## WORK TASK
The expected output is a copy of every line in the records with the string "close".

## DATA RECORDS
lemma sum_mu_p_set_power_card_prefix:
  fixes p z :: real
  assumes "m \<le> n"
  shows "(\<Sum>A\<in>Pow {..<n}. mu_p_set n p A * z ^ card (A \<inter> {..<m})) = (p * z + (1 - p)) ^ m"
proof -
  have power_prefix: "c ^ card (A \<inter> {..<m}) = (\<Prod>x\<in>A. if x < m then c else 1)"
    if "finite A" for A and c :: real
    using that by (simp add: prod.inter_filter[symmetric] Int_def)
  have "(\<Sum>A\<in>Pow {..<n}. mu_p_set n p A * z ^ card (A \<inter> {..<m}))
      = (\<Sum>A\<in>Pow {..<n}. (\<Prod>x\<in>A. p * (if x < m then z else 1)) * (\<Prod>x\<in>{..<n} - A. 1 - p))"
  proof (rule sum.cong[OF refl])
    fix A assume "A \<in> Pow {..<n}"
    then have "finite A" "A \<subseteq> {..<n}" by (auto intro: finite_subset)
    then show "mu_p_set n p A * z ^ card (A \<inter> {..<m})
        = (\<Prod>x\<in>A. p * (if x < m then z else 1)) * (\<Prod>x\<in>{..<n} - A. 1 - p)"
      by (simp add: mu_p_set_def power_prefix prod.distrib card_Diff_subset)
  qed
  also have "\<dots> = (\<Prod>x\<in>{..<n}. p * (if x < m then z else 1) + (1 - p))"
    by (rule prod_add[symmetric]) simp
  also have "\<dots> = (\<Prod>x\<in>{..<n}. if x < m then p * z + (1 - p) else 1)"
    by (rule prod.cong) auto
  also have "\<dots> = (p * z + (1 - p)) ^ m"
    using power_prefix[of "{..<n}" "p * z + (1 - p)"] Int_absorb1[of "{..<m}" "{..<n}"] assms
    by (simp add: Int_commute)
  finally show ?thesis .
qed

lemma ex_power_gap:
  fixes p :: real
  assumes "p * real s < real s - 1"
  shows "\<exists>y>1. p * y ^ s + (1 - p) < y ^ (s - 1)"
proof -
  have "1 \<le> s" using assms by (cases s) auto
  define h where "h y = y ^ (s - 1) - p * y ^ s - (1 - p)" for y :: real
  have "(h has_real_derivative (real (s - 1) - p * real s)) (at 1)"
    unfolding h_def by (auto intro!: derivative_eq_intros)
  moreover have "0 < real (s - 1) - p * real s" using assms \<open>1 \<le> s\<close> by (simp add: of_nat_diff)
  ultimately obtain d where "d > 0" and inc: "\<And>e. e > 0 \<Longrightarrow> e < d \<Longrightarrow> h 1 < h (1 + e)"
    using DERIV_pos_inc_right by blast
  then have "h 1 < h (1 + d / 2)" by simp
  moreover have "h 1 = 0" by (simp add: h_def)
  ultimately show ?thesis using \<open>d > 0\<close> by (intro exI[of _ "1 + d / 2"]) (auto simp: h_def)
qed

lemma one_le_sum_prefix_weight:
  fixes y :: real
  assumes A: "A \<subseteq> {..<n}" and y: "1 \<le> y" and m: "(s - 1) * m + t \<le> s * card (A \<inter> {..<m})"
  shows "1 \<le> (\<Sum>k\<le>n. y ^ (s * card (A \<inter> {..<k})) / (y ^ ((s - 1) * k) * y ^ t))"
proof -
  define m' where "m' = min m n"
  have "A \<inter> {..<m'} = A \<inter> {..<m}" using A by (auto simp: m'_def)
  moreover have "(s - 1) * m' \<le> (s - 1) * m" by (simp add: m'_def)
  then have "(s - 1) * m' + t \<le> s * card (A \<inter> {..<m})" using m by linarith
  ultimately have "(s - 1) * m' + t \<le> s * card (A \<inter> {..<m'})" by simp
  then have "y ^ ((s - 1) * m' + t) \<le> y ^ (s * card (A \<inter> {..<m'}))"
    using y by (rule power_increasing)
  then have "1 \<le> y ^ (s * card (A \<inter> {..<m'})) / (y ^ ((s - 1) * m') * y ^ t)"
    using y by (simp add: power_add)
  also have "\<dots> \<le> (\<Sum>k\<le>n. y ^ (s * card (A \<inter> {..<k})) / (y ^ ((s - 1) * k) * y ^ t))"
    using y by (intro member_le_sum) (simp_all add: m'_def)
  finally show ?thesis .
qed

## OUTPUT
  moreover have "0 < real (s - 1) - p * real s" using assms \<open>1 \<le> s\<close> by (simp add: of_nat_diff)
  ultimately show ?thesis using \<open>d > 0\<close> by (intro exI[of _ "1 + d / 2"]) (auto simp: h_def)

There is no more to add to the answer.